But one word about my book. In publishing these Letters, I have yielded to the counsel of those in whose judgment I confide more than in my own. I do not flatter myself that in all points I shall be favoured with the sympathy or the concurrence of the reader. Many, perhaps, will think I have drawn too dark a picture of the oppressions and wrongs of the English government; of the sufferings and sorrows of the mass of the British people. To such I can only say, I have described things as they appeared to me, and endeavoured to write with candour.

The pleasure of visiting our Father-Land; of wandering among its venerable monuments; of conversing with its illustrious men, was all sadly marred by the sight of the misery, ignorance, oppression, and want I met on every side.

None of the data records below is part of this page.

(* Let $x$ be fixed observed data and $p(x,z)$, $z\in\mathbb{R}^d$, a positive joint density differentiable in $z$. Let $\alpha\in[0,1)$, $K\ge1$, $n\in\{1,\dots,K\}$, let $q$ be a probability density on $\mathbb{R}^d$ with finite second moment and set $w(z):=p(x,z)/q(z)$. For a probability density $q_n$ on $\mathbb{R}^d$ with finite second moment define $$\mathcal{G}_n(q_n):=\frac{1}{1-\alpha}\mathbb{E}_{z_n\sim q_n}\Big[\mathbb{E}_{\{z_i\}_{i\neq n}\overset{i.i.d.}{\sim} q}\log\Big(\frac1K\frac{p(x,z_n)^{1-\alpha}}{q_n(z_n)^{1-\alpha}}+\frac1K\sum_{i\neq n}\frac{p(x,z_i)^{1-\alpha}}{q(z_i)^{1-\alpha}}\Big)\Big].$$ Suppose standard regularity conditions hold that allow interchanging derivatives with expectations/integrals. Then the Wasserstein gradient of $\mathcal{G}_n$ at $q_n=q$ is $$\nabla^W[\mathcal{G}_n(q)](z_n)=\mathbb{E}_{\{z_i\}_{i\neq n}\overset{i.i.d.}{\sim} q}\left[\left(\alpha\frac{w(z_n)^{1-\alpha}}{\sum_{i=1}^K w(z_i)^{1-\alpha}}+(1-\alpha)\left(\frac{w(z_n)^{1-\alpha}}{\sum_{i=1}^K w(z_i)^{1-\alpha}}\right)^2\right)\nabla_{z_n}\log w(z_n)\right].$$
   Context: For a functional $\mathcal{F}$ on the space $\mathcal{P}_2(\mathbb{R}^d)$ of probability measures with finite second moment, the first variation at $\mu$ is a function $\frac{\delta\mathcal{F}(\mu)}{\delta\mu}$ such that $\lim_{\epsilon\to0^+}\frac{\mathcal{F}(\mu+\epsilon\nu)-\mathcal{F}(\mu)}{\epsilon}=\int\frac{\delta\mathcal{F}(\mu)}{\delta\mu}\,d\nu$ for all signed measures $\nu$ with $\mu+\epsilon\nu\in\mathcal{P}_2(\mathbb{R}^d)$ for small $\epsilon>0$; the Wasserstein gradient is $\nabla_x\frac{\delta\mathcal{F}(\mu)}{\delta\mu}(x)$. In the displayed formula $z_n$ is the evaluation point and the $z_i$, $i\neq n$, are integrated out. *)

theory Defs
  imports "HOL-Analysis.Analysis"
begin

text \<open>Probability densities on a Euclidean space with finite second moment
  (the density-level version of P_2(R^d)).\<close>
definition P2_density :: "('a::euclidean_space \<Rightarrow> real) \<Rightarrow> bool" where
  "P2_density f \<longleftrightarrow> f \<in> borel_measurable lborel \<and> (\<forall>z. 0 \<le> f z) \<and>
     integrable lborel f \<and> (\<integral>z. f z \<partial>lborel) = 1 \<and>
     integrable lborel (\<lambda>z. (norm z)^2 * f z)"

text \<open>First variation: for every perturbation nu (a signed measure, given by its density)
  such that mu + eps nu is in P_2 for all small eps > 0, the right derivative of
  eps |-> F(mu + eps nu) at 0 equals the integral of Phi against nu.\<close>
definition first_variation ::
  "(('a::euclidean_space \<Rightarrow> real) \<Rightarrow> real) \<Rightarrow> ('a \<Rightarrow> real) \<Rightarrow> ('a \<Rightarrow> real) \<Rightarrow> bool" where
  "first_variation F \<mu> \<Phi> \<longleftrightarrow>
     (\<forall>\<nu>. (\<forall>\<^sub>F \<epsilon> in at_right 0. P2_density (\<lambda>z. \<mu> z + \<epsilon> * \<nu> z)) \<longrightarrow>
        ((\<lambda>\<epsilon>. (F (\<lambda>z. \<mu> z + \<epsilon> * \<nu> z) - F \<mu>) / \<epsilon>) \<longlongrightarrow> (\<integral>z. \<Phi> z * \<nu> z \<partial>lborel)) (at_right 0))"

definition grad :: "('a::euclidean_space \<Rightarrow> real) \<Rightarrow> 'a \<Rightarrow> 'a" where
  "grad f z = (THE D. GDERIV f z :> D)"

definition wasserstein_gradient ::
  "(('a::euclidean_space \<Rightarrow> real) \<Rightarrow> real) \<Rightarrow> ('a \<Rightarrow> real) \<Rightarrow> ('a \<Rightarrow> 'a) \<Rightarrow> bool" where
  "wasserstein_gradient F \<mu> g \<longleftrightarrow>
     (\<exists>\<Phi>. first_variation F \<mu> \<Phi> \<and> (\<forall>z. GDERIV \<Phi> z :> g z))"

definition iidQ :: "nat \<Rightarrow> nat \<Rightarrow> ('a::euclidean_space \<Rightarrow> real) \<Rightarrow> (nat \<Rightarrow> 'a) measure" where
  "iidQ K n q = PiM ({1..K} - {n}) (\<lambda>_. density lborel (\<lambda>z. ennreal (q z)))"

definition Sterm :: "('x \<Rightarrow> 'a \<Rightarrow> real) \<Rightarrow> 'x \<Rightarrow> ('a \<Rightarrow> real) \<Rightarrow> real \<Rightarrow> nat \<Rightarrow> nat \<Rightarrow> (nat \<Rightarrow> 'a) \<Rightarrow> real" where
  "Sterm p x q \<alpha> K n zs =
     (1 / real K) * (\<Sum>i\<in>{1..K} - {n}. p x (zs i) powr (1 - \<alpha>) / q (zs i) powr (1 - \<alpha>))"

definition Gn :: "('x \<Rightarrow> 'a::euclidean_space \<Rightarrow> real) \<Rightarrow> 'x \<Rightarrow> ('a \<Rightarrow> real) \<Rightarrow> real \<Rightarrow> nat \<Rightarrow> nat
                   \<Rightarrow> ('a \<Rightarrow> real) \<Rightarrow> real" where
  "Gn p x q \<alpha> K n qn =
     1 / (1 - \<alpha>) *
       (\<integral>zn. (\<integral>zs. ln ((1 / real K) * (p x zn powr (1 - \<alpha>) / qn zn powr (1 - \<alpha>))
                          + Sterm p x q \<alpha> K n zs) \<partial>iidQ K n q)
        \<partial>density lborel (\<lambda>z. ennreal (qn z)))"

end

theory Submission
  imports Defs
begin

I well know the dreadful meaning of the words, but I would sooner see the children of my love born to the heritage of Southern slavery, than to see them subjected to the blighting bondage of the poor English operative's life. England is a proud and wicked nation. In her insatiate love of gain and boundless ambition for conquest; in her unjust treatment of her

dependant colonies and foreign nations; and, above all, in her oppression of her own poor but generous people, she is without a parallel in ancient or modern times. England has laid up for herself a sure store of vengeance; and God will yet visit her for her pride and wrong-doing.

I know these are strong assertions; but they can be sustained. Nor need we resort to any hostile record of her transactions to warrant this condemnation: by the testimony of her own writers and statesmen these heavy charges can be abundantly substantiated; and from these sources, so free from all objection, I have presented evidence that must convince the most incredulous.

In writing this work I have thought I might render some service to my country, by diffusing among its citizens a more correct knowledge of the spirit and condition of the nation with whom, at no distant day, they may be brought into collision; and by inspiring them, if possible, with a warmer regard and love for their own free institutions, and more devout gratitude to Heaven for the blessings they dispense.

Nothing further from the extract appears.